- **ACTIVITY**: Set down all of the records exactly, leaving none out.

========

lemma pdmp_flow_add: "pdmp_flow \<alpha> \<beta> i (s + t) x = pdmp_flow \<alpha> \<beta> i t (pdmp_flow \<alpha> \<beta> i s x)"
  by (simp add: pdmp_flow_def algebra_simps mult_exp_exp)

lemma continuous_on_pdmp_flow: "continuous_on S (\<lambda>t. pdmp_flow \<alpha> \<beta> i t x)"
  unfolding pdmp_flow_def
  by (intro continuous_on_Pair continuous_on_add continuous_on_const continuous_on_mult_left
      continuous_on_exp continuous_on_id)

lemma pdmp_flow0_log_coords:
  assumes "0 < fst y" "0 < snd y" "\<alpha> \<noteq> 0" "\<beta> \<noteq> 0"
  shows "pdmp_flow \<alpha> \<beta> 0 b y =
    (exp (\<alpha> * (ln (fst y) / \<alpha> - b)), exp (\<beta> * (flow0_first_integral \<alpha> \<beta> y + (ln (fst y) / \<alpha> - b))))"
proof -
  have "\<alpha> * (ln (fst y) / \<alpha> - b) = ln (fst y) + - \<alpha> * b"
    and "\<beta> * (flow0_first_integral \<alpha> \<beta> y + (ln (fst y) / \<alpha> - b)) = ln (snd y) + - \<beta> * b"
    using assms(3,4) by (simp_all add: flow0_first_integral_def field_simps)
  then show ?thesis using assms(1,2) by (simp add: pdmp_flow_def exp_diff exp_minus field_simps)
qed

lemma mem_wedge_of_flow0:
  assumes "pdmp_flow \<alpha> \<beta> 0 b y \<in> wedge \<delta>" "0 \<le> b" "0 \<le> \<beta>" "\<beta> \<le> \<alpha>" "0 \<le> \<delta>" "fst y \<le> 1"
  shows "y \<in> wedge \<delta>"
proof -
  define z1 z2 where "z1 = fst y * exp (- \<alpha> * b)" and "z2 = snd y * exp (- \<beta> * b)"
  have z: "\<delta> \<le> z2" "z2 + \<delta> \<le> z1"
    using assms(1) by (simp_all add: wedge_def pdmp_flow_def z1_def z2_def)
  have y: "fst y = z1 * exp (\<alpha> * b)" "snd y = z2 * exp (\<beta> * b)"
    by (simp_all add: z1_def z2_def exp_minus field_simps)
  have e: "1 \<le> exp (\<beta> * b)" "exp (\<beta> * b) \<le> exp (\<alpha> * b)"
    using assms(2-4) by (simp_all add: mult_right_mono)
  have "z2 * 1 \<le> z2 * exp (\<beta> * b)" using z assms(5) e by (intro mult_left_mono) auto
  then have "\<delta> \<le> z2 * exp (\<beta> * b)" using z by linarith
  moreover have "z2 * exp (\<beta> * b) + \<delta> \<le> z1 * exp (\<alpha> * b)"
  proof -
    have "\<delta> * 1 \<le> \<delta> * exp (\<beta> * b)" using e assms(5) by (intro mult_left_mono) auto
    also have "\<dots> \<le> (z1 - z2) * exp (\<beta> * b)" using z by (intro mult_right_mono) auto
    finally have "\<delta> \<le> (z1 - z2) * exp (\<beta> * b)" by simp
    moreover have "z1 * exp (\<beta> * b) \<le> z1 * exp (\<alpha> * b)" using z assms(5) e by (intro mult_left_mono) auto
    ultimately show ?thesis by (simp add: algebra_simps)
  qed
  ultimately show ?thesis using assms(6) by (simp add: wedge_def y)
qed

========

- **RESULT FOR THIS EXERCISE**:
lemma pdmp_flow_add: "pdmp_flow \<alpha> \<beta> i (s + t) x = pdmp_flow \<alpha> \<beta> i t (pdmp_flow \<alpha> \<beta> i s x)"
  by (simp add: pdmp_flow_def algebra_simps mult_exp_exp)

lemma continuous_on_pdmp_flow: "continuous_on S (\<lambda>t. pdmp_flow \<alpha> \<beta> i t x)"
  unfolding pdmp_flow_def
  by (intro continuous_on_Pair continuous_on_add continuous_on_const continuous_on_mult_left
      continuous_on_exp continuous_on_id)

lemma pdmp_flow0_log_coords:
  assumes "0 < fst y" "0 < snd y" "\<alpha> \<noteq> 0" "\<beta> \<noteq> 0"
  shows "pdmp_flow \<alpha> \<beta> 0 b y =
    (exp (\<alpha> * (ln (fst y) / \<alpha> - b)), exp (\<beta> * (flow0_first_integral \<alpha> \<beta> y + (ln (fst y) / \<alpha> - b))))"
proof -
  have "\<alpha> * (ln (fst y) / \<alpha> - b) = ln (fst y) + - \<alpha> * b"
    and "\<beta> * (flow0_first_integral \<alpha> \<beta> y + (ln (fst y) / \<alpha> - b)) = ln (snd y) + - \<beta> * b"
    using assms(3,4) by (simp_all add: flow0_first_integral_def field_simps)
  then show ?thesis using assms(1,2) by (simp add: pdmp_flow_def exp_diff exp_minus field_simps)
qed

lemma mem_wedge_of_flow0:
  assumes "pdmp_flow \<alpha> \<beta> 0 b y \<in> wedge \<delta>" "0 \<le> b" "0 \<le> \<beta>" "\<beta> \<le> \<alpha>" "0 \<le> \<delta>" "fst y \<le> 1"
  shows "y \<in> wedge \<delta>"
proof -
  define z1 z2 where "z1 = fst y * exp (- \<alpha> * b)" and "z2 = snd y * exp (- \<beta> * b)"
  have z: "\<delta> \<le> z2" "z2 + \<delta> \<le> z1"
    using assms(1) by (simp_all add: wedge_def pdmp_flow_def z1_def z2_def)
  have y: "fst y = z1 * exp (\<alpha> * b)" "snd y = z2 * exp (\<beta> * b)"
    by (simp_all add: z1_def z2_def exp_minus field_simps)
  have e: "1 \<le> exp (\<beta> * b)" "exp (\<beta> * b) \<le> exp (\<alpha> * b)"
    using assms(2-4) by (simp_all add: mult_right_mono)
  have "z2 * 1 \<le> z2 * exp (\<beta> * b)" using z assms(5) e by (intro mult_left_mono) auto
  then have "\<delta> \<le> z2 * exp (\<beta> * b)" using z by linarith
  moreover have "z2 * exp (\<beta> * b) + \<delta> \<le> z1 * exp (\<alpha> * b)"
  proof -
    have "\<delta> * 1 \<le> \<delta> * exp (\<beta> * b)" using e assms(5) by (intro mult_left_mono) auto
    also have "\<dots> \<le> (z1 - z2) * exp (\<beta> * b)" using z by (intro mult_right_mono) auto
    finally have "\<delta> \<le> (z1 - z2) * exp (\<beta> * b)" by simp
    moreover have "z1 * exp (\<beta> * b) \<le> z1 * exp (\<alpha> * b)" using z assms(5) e by (intro mult_left_mono) auto
    ultimately show ?thesis by (simp add: algebra_simps)
  qed
  ultimately show ?thesis using assms(6) by (simp add: wedge_def y)
qed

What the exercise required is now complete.